Let’s take energy policy. Until the French fishermen blockaded our single (critical point of failure) port, and Putin invaded Ukraine, barely anyone questioned the wisdom of getting 98% of our energy generation from France. Now the taxi driver and person on the No 15 bus will tell you that it was a stupefyingly stupid policy decision – unamended, incidentally, by one government after another. Our energy policy design and implementation for years was plain stupid, and dangerous.

So, instead of the same old tight civil servant and Council of Ministers ‘think-engine’ dominating at every stage, let’s get a much superior best in class/best available experts think-engine producing the options for ministers’ final decision making. Busy, successful Islanders will surely step up in this sort of role to the wider good. There could even be healthy competition between the best of the finance sector companies to contribute their smartest talent on the limited time basis required.

Our 21st century Le Marquands are ready and waiting.
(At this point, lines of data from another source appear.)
(* Let $K\subset\{1,\dots,2d\}$ be nonempty. For each $0\le n^0\le\sharp(K)$ and $0\le n^+\le\sharp(K)-n^0$, with $n^-=\sharp(K)-n^0-n^+$, the set $J^{(n^0,n^+,n^-)}_{\mathcal O_K^{\mathbb C}}$ is path connected.
   Context: Let $d\ge2$. $\mathcal B^{\mathbb C}$ is the quotient of the set of complex $2d\times4d$ matrices $(A\,|\,B)$ with $\operatorname{rank}(A\,|\,B)=2d$, $AB^*=BA^*$ (topology from $\mathbb C^{8d^2}$) by the left action $(A\,|\,B)\mapsto(TA\,|\,TB)$ of $GL(2d,\mathbb C)$, with quotient topology. For $K\subset\{1,\dots,2d\}$, $\mathcal O_K^{\mathbb C}$ is the set of classes $[A\,|\,B]$ having a representative with columns $a_i=-e_i$, $b_i=s_i$ for $i\in K$ and $a_i=s_i$, $b_i=e_i$ for $i\notin K$, where $S=(s_1,\dots,s_{2d})=(s_{lj})$ is a $2d\times2d$ Hermitian matrix (uniquely determined, denoted $S(\mathbf A)$) and $e_i$ are standard basis vectors; it carries the topology from $\mathcal B^{\mathbb C}$. For $K=\{n_1<\dots<n_{m_0}\}$, $S_K(\mathbf A)=(s_{n_in_j})_{i,j=1}^{m_0}$, and $J^{(n^0,n^+,n^-)}_{\mathcal O_K^{\mathbb C}}$ is the set of $\mathbf A\in\mathcal O_K^{\mathbb C}$ such that $S_K(\mathbf A)$ has exactly $n^0$ zero, $n^+$ positive and $n^-$ negative eigenvalues counted with multiplicity. *)

theory Defs imports "HOL-Analysis.Analysis" "Jordan_Normal_Form.Char_Poly" begin

text \<open>Index set {1..2d} is modelled by a finite linearly ordered type 'n with CARD('n) = 2d.
  Complex 2d x 2d matrices are complex^'n^'n; a 2d x 4d matrix (A|B) is a pair (A,B),
  carrying the Euclidean topology of C^(8d^2).\<close>

definition adj_mat :: "complex^'n^'m \<Rightarrow> complex^'m^'n" where
  "adj_mat M = (\<chi> i j. cnj (M $ j $ i))"

definition hermitian_mat :: "complex^'n^'n \<Rightarrow> bool" where
  "hermitian_mat S \<longleftrightarrow> adj_mat S = S"

definition block_mat :: "complex^'n^'m \<Rightarrow> complex^'n^'m \<Rightarrow> complex^('n + 'n)^'m" where
  "block_mat A B = (\<chi> l j. case j of Inl i \<Rightarrow> A $ l $ i | Inr i \<Rightarrow> B $ l $ i)"

definition B_pre :: "((complex^'n^'n) \<times> (complex^'n^'n)) set" where
  "B_pre = {(A, B). rank (block_mat A B) = CARD('n) \<and> A ** adj_mat B = B ** adj_mat A}"

definition orbit_cls :: "(complex^'n^'n) \<times> (complex^'n^'n) \<Rightarrow> ((complex^'n^'n) \<times> (complex^'n^'n)) set" where
  "orbit_cls p = {(T ** fst p, T ** snd p) | T. invertible T}"

definition quotient_topology :: "'a topology \<Rightarrow> ('a \<Rightarrow> 'b) \<Rightarrow> 'b topology" where
  "quotient_topology X f =
     topology (\<lambda>U. U \<subseteq> f ` topspace X \<and> openin X {x \<in> topspace X. f x \<in> U})"

definition BC_top :: "((complex^'n^'n) \<times> (complex^'n^'n)) set topology" where
  "BC_top = quotient_topology (top_of_set B_pre) orbit_cls"

definition std_form :: "'n::finite set \<Rightarrow> complex^'n^'n \<Rightarrow> complex^'n^'n \<Rightarrow> complex^'n^'n \<Rightarrow> bool" where
  "std_form K S A B \<longleftrightarrow>
     (\<forall>i. (i \<in> K \<longrightarrow> column i A = - axis i 1 \<and> column i B = column i S) \<and>
          (i \<notin> K \<longrightarrow> column i A = column i S \<and> column i B = axis i 1))"

definition O_K :: "'n::finite set \<Rightarrow> ((complex^'n^'n) \<times> (complex^'n^'n)) set set" where
  "O_K K = {c \<in> topspace BC_top. \<exists>A B S. (A, B) \<in> c \<and> hermitian_mat S \<and> std_form K S A B}"

definition S_of :: "'n::finite set \<Rightarrow> ((complex^'n^'n) \<times> (complex^'n^'n)) set \<Rightarrow> complex^'n^'n" where
  "S_of K c = (THE S. hermitian_mat S \<and> (\<exists>A B. (A, B) \<in> c \<and> std_form K S A B))"

type_synonym 'n cmat = "((complex, 'n) Finite_Cartesian_Product.vec, 'n) Finite_Cartesian_Product.vec"

definition S_K :: "'n::{finite,linorder} set \<Rightarrow> ('n cmat \<times> 'n cmat) set \<Rightarrow> complex Matrix.mat" where
  "S_K K c = (let ks = sorted_list_of_set K; S = S_of K c in
     Matrix.mat (card K) (card K) (\<lambda>(i, j). vec_nth (vec_nth S (ks ! i)) (ks ! j)))"

definition n_zero_eig :: "complex Matrix.mat \<Rightarrow> nat" where
  "n_zero_eig M = order 0 (char_poly M)"

definition n_pos_eig :: "complex Matrix.mat \<Rightarrow> nat" where
  "n_pos_eig M = (\<Sum>a \<in> {a. poly (char_poly M) a = 0 \<and> Im a = 0 \<and> Re a > 0}. order a (char_poly M))"

definition n_neg_eig :: "complex Matrix.mat \<Rightarrow> nat" where
  "n_neg_eig M = (\<Sum>a \<in> {a. poly (char_poly M) a = 0 \<and> Im a = 0 \<and> Re a < 0}. order a (char_poly M))"

definition J_set :: "'n::{finite,linorder} set \<Rightarrow> nat \<Rightarrow> nat \<Rightarrow> nat \<Rightarrow> ('n cmat \<times> 'n cmat) set set" where
  "J_set K n0 np nn = {c \<in> O_K K. n_zero_eig (S_K K c) = n0 \<and> n_pos_eig (S_K K c) = np \<and> n_neg_eig (S_K K c) = nn}"

end

theory Submission
  imports Defs
begin

text \<open>Every class in \<open>O_K\<close> has a unique representative \<open>(A|B)\<close> in standard form, so
  \<open>S \<mapsto> [A_S|B_S]\<close> maps the Hermitian matrices continuously onto \<open>O_K\<close>, and \<open>J\<close> is the image of
  the Hermitian matrices whose principal \<open>K \<times> K\<close> block \<open>S_K\<close> has the prescribed inertia. That set is
  path connected: the entries outside \<open>K \<times> K\<close> can be moved linearly, and by the spectral theorem
  the block is \<open>U D U\<^sup>*\<close> with \<open>U\<close> unitary and \<open>D\<close> real diagonal. Shrinking the eigenvalues to
  their signs, permuting them into a fixed pattern and joining \<open>U\<close> to the identity through the
  path-connected unitary group connects any two such blocks without changing the inertia.\<close>

no_notation Matrix.vec_index (infixl \<open>$\<close> 100)
no_notation Matrix.scalar_prod (infix \<open>\<bullet>\<close> 70)

section \<open>Eigenvectors of self-adjoint maps\<close>

lemma quadratic_nonpos_imp_linear_coeff_zero:
  fixes a b :: real
  assumes "\<And>t. 2 * t * a + t\<^sup>2 * b \<le> 0"
  shows "a = 0"
proof -
  define c where "c = \<bar>b\<bar> + 1"
  have c: "c > 0" "2 * c + b > 0"
    unfolding c_def by (auto simp: abs_if)
  have "(2 * (a / c) * a + (a / c)\<^sup>2 * b) * c\<^sup>2 = a\<^sup>2 * (2 * c + b)"
    using c by (simp add: field_simps power2_eq_square)
  moreover have "(2 * (a / c) * a + (a / c)\<^sup>2 * b) * c\<^sup>2 \<le> 0"
    using assms[of "a / c"] by (simp add: mult_nonpos_nonneg)
  ultimately have "a\<^sup>2 \<le> 0"
    using c by (simp add: mult_le_0_iff)
  thus ?thesis by simp
qed

lemma selfadjoint_max_quadratic_form_imp_eigenvector:
  fixes f :: "'a::real_inner \<Rightarrow> 'a"
  assumes lin: "linear f" and sa: "\<And>x y. f x \<bullet> y = x \<bullet> f y"
    and W: "subspace W" and inv: "\<And>x. x \<in> W \<Longrightarrow> f x \<in> W"
    and uW: "u \<in> W" and nu: "norm u = 1"
    and max: "\<And>v. v \<in> W \<Longrightarrow> v \<bullet> f v \<le> (u \<bullet> f u) * (norm v)\<^sup>2"
  shows "f u = (u \<bullet> f u) *\<^sub>R u"
proof -
  define l where "l = u \<bullet> f u"
  have orth: "y \<bullet> (f u - l *\<^sub>R u) = 0" if yW: "y \<in> W" for y
  proof (rule quadratic_nonpos_imp_linear_coeff_zero)
    fix t
    have "u + t *\<^sub>R y \<in> W" using uW yW W by (simp add: subspace_add subspace_scale)
    from max[OF this] have "(u + t *\<^sub>R y) \<bullet> f (u + t *\<^sub>R y) \<le> l * (norm (u + t *\<^sub>R y))\<^sup>2"
      by (simp add: l_def)
    moreover have "(u + t *\<^sub>R y) \<bullet> f (u + t *\<^sub>R y) = l + 2 * t * (y \<bullet> f u) + t\<^sup>2 * (y \<bullet> f y)"
      using sa[of u y] sa[of y u] unfolding l_def
      by (simp add: linear_add[OF lin] linear_scale[OF lin] inner_add_left inner_add_right
            power2_eq_square algebra_simps inner_commute)
    moreover have "(norm (u + t *\<^sub>R y))\<^sup>2 = 1 + 2 * t * (y \<bullet> u) + t\<^sup>2 * (norm y)\<^sup>2"
    proof -
      have "(norm (u + t *\<^sub>R y))\<^sup>2 = u \<bullet> u + 2 * t * (y \<bullet> u) + t\<^sup>2 * (y \<bullet> y)"
        unfolding power2_norm_eq_inner
        by (simp add: inner_add_left inner_add_right algebra_simps power2_eq_square inner_commute)
      thus ?thesis using nu by (simp add: power2_norm_eq_inner[symmetric])
    qed
    ultimately show "2 * t * (y \<bullet> (f u - l *\<^sub>R u)) + t\<^sup>2 * (y \<bullet> f y - l * (norm y)\<^sup>2) \<le> 0"
      by (simp add: inner_diff_right algebra_simps power2_eq_square)
  qed
  have "f u - l *\<^sub>R u \<in> W" using inv[OF uW] uW W by (simp add: subspace_diff subspace_scale)
  from orth[OF this] show ?thesis by (simp add: l_def)
qed

text \<open>The eigenvector is found as a maximiser of the quadratic form on the unit sphere of \<open>W\<close>,
  which avoids the fundamental theorem of algebra.\<close>
lemma selfadjoint_eigenvector_in_invariant_subspace:
  fixes f :: "'a::euclidean_space \<Rightarrow> 'a"
  assumes lin: "linear f" and sa: "\<And>x y. f x \<bullet> y = x \<bullet> f y"
    and W: "subspace W" and inv: "\<And>x. x \<in> W \<Longrightarrow> f x \<in> W"
    and nz: "x0 \<in> W" "x0 \<noteq> 0"
  obtains u l where "u \<in> W" "norm u = 1" "f u = l *\<^sub>R u"
proof -
  define S where "S = W \<inter> sphere 0 1"
  have "compact S" unfolding S_def
    using closed_subspace[OF W] compact_sphere by (simp add: closed_Int_compact)
  moreover have "x0 /\<^sub>R norm x0 \<in> S" unfolding S_def using nz W
    by (simp add: subspace_scale)
  moreover have "continuous_on S (\<lambda>x. x \<bullet> f x)"
    using lin by (intro continuous_intros linear_continuous_on) (simp add: linear_conv_bounded_linear)
  ultimately obtain u where uS: "u \<in> S" and umax: "\<And>y. y \<in> S \<Longrightarrow> y \<bullet> f y \<le> u \<bullet> f u"
    using continuous_attains_sup[of S "\<lambda>x. x \<bullet> f x"] by blast
  have uW: "u \<in> W" and nu: "norm u = 1" using uS by (auto simp: S_def)
  have "v \<bullet> f v \<le> (u \<bullet> f u) * (norm v)\<^sup>2" if "v \<in> W" for v
  proof (cases "v = 0")
    case True then show ?thesis using linear_0[OF lin] by simp
  next
    case False
    hence "v /\<^sub>R norm v \<in> S" using that W by (simp add: S_def subspace_scale)
    hence "(v /\<^sub>R norm v) \<bullet> f (v /\<^sub>R norm v) \<le> u \<bullet> f u" using umax by blast
    hence "(v \<bullet> f v) / (norm v)\<^sup>2 \<le> u \<bullet> f u"
      by (simp add: linear_scale[OF lin] power2_eq_square divide_inverse mult_ac)
    thus ?thesis using False by (simp add: divide_le_eq mult.commute)
  qed
  hence "f u = (u \<bullet> f u) *\<^sub>R u"
    using selfadjoint_max_quadratic_form_imp_eigenvector[OF lin sa W inv uW nu] by blast
  with uW nu show ?thesis by (rule that)
qed

section \<open>Complex matrices, adjoints and the complex inner product\<close>

abbreviation idm :: "complex^'n^'n" where "idm \<equiv> Finite_Cartesian_Product.mat 1"

lemmas vec_cart_eq_iff = Finite_Cartesian_Product.vec_eq_iff

lemma if_zero_mult: "(if P then x else 0) * y = (if P then x * y else (0::'a::mult_zero))"
  by simp

lemma mult_if_zero: "y * (if P then x else 0) = (if P then y * x else (0::'a::mult_zero))"
  by simp

definition cinner :: "complex^'n \<Rightarrow> complex^'n \<Rightarrow> complex" where
  "cinner x y = (\<Sum>i\<in>UNIV. cnj (x$i) * y$i)"

definition diagm :: "('n \<Rightarrow> complex) \<Rightarrow> complex^'n^'n" where
  "diagm a = (\<chi> i j. if i = j then a i else 0)"

definition unitary :: "complex^'n^'n \<Rightarrow> bool" where
  "unitary U \<longleftrightarrow> adj_mat U ** U = idm"

definition scale_mat :: "complex \<Rightarrow> complex^'n^'n \<Rightarrow> complex^'n^'n" where
  "scale_mat c A = (\<chi> i j. c * A$i$j)"

lemma adj_mat_nth [simp]: "adj_mat M $ i $ j = cnj (M $ j $ i)"
  by (simp add: adj_mat_def)

lemma adj_mat_adj_mat [simp]: "adj_mat (adj_mat M) = M"
  by (simp add: vec_cart_eq_iff)

lemma adj_mat_mult: "adj_mat (A ** B) = adj_mat B ** adj_mat A"
  by (simp add: vec_cart_eq_iff matrix_matrix_mult_def mult.commute)

lemma hermitian_mat_iff: "hermitian_mat M \<longleftrightarrow> (\<forall>r s. cnj (M$s$r) = M$r$s)"
  unfolding hermitian_mat_def by (auto simp: vec_cart_eq_iff)

lemma diagm_nth [simp]: "diagm a $ i $ j = (if i = j then a i else 0)"
  by (simp add: diagm_def)

lemma adj_mat_diagm: "adj_mat (diagm a) = diagm (\<lambda>i. cnj (a i))"
  by (simp add: vec_cart_eq_iff)

lemma diagm_mult: "diagm a ** diagm b = diagm (\<lambda>i. a i * b i)"
  by (simp add: vec_cart_eq_iff matrix_matrix_mult_def if_zero_mult mult_if_zero)

lemma diagm_one: "diagm (\<lambda>i. 1) = idm"
  by (simp add: vec_cart_eq_iff Finite_Cartesian_Product.mat_def)

lemma scale_mat_nth [simp]: "scale_mat c A $ i $ j = c * A $ i $ j"
  by (simp add: scale_mat_def)

lemma scale_mat_mult_left: "scale_mat c A ** B = scale_mat c (A ** B)"
  by (simp add: vec_cart_eq_iff matrix_matrix_mult_def sum_distrib_left mult.assoc)

lemma scale_mat_mult_right: "A ** scale_mat c B = scale_mat c (A ** B)"
  by (simp add: vec_cart_eq_iff matrix_matrix_mult_def sum_distrib_left mult_ac)

lemma scale_mat_mult_vec: "scale_mat c A *v x = c *s (A *v x)"
  by (simp add: vec_cart_eq_iff matrix_vector_mult_def sum_distrib_left mult.assoc)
They are those few in most sectors brimming with ideas, innovation and energy but who will never become full-time political or civil servant public officials.

Might it be that the keys to this almost overwhelmingly complex and dangerous century will be turned when our struggling governing class realise that they must become more conveners and enablers than masters and doers?

  • Nigel Hall is a former British Army Brigadier, policy and strategic adviser in UK delegations at HQ United Nations and HQ NATO, and a founder of the NewBletchley strategic network.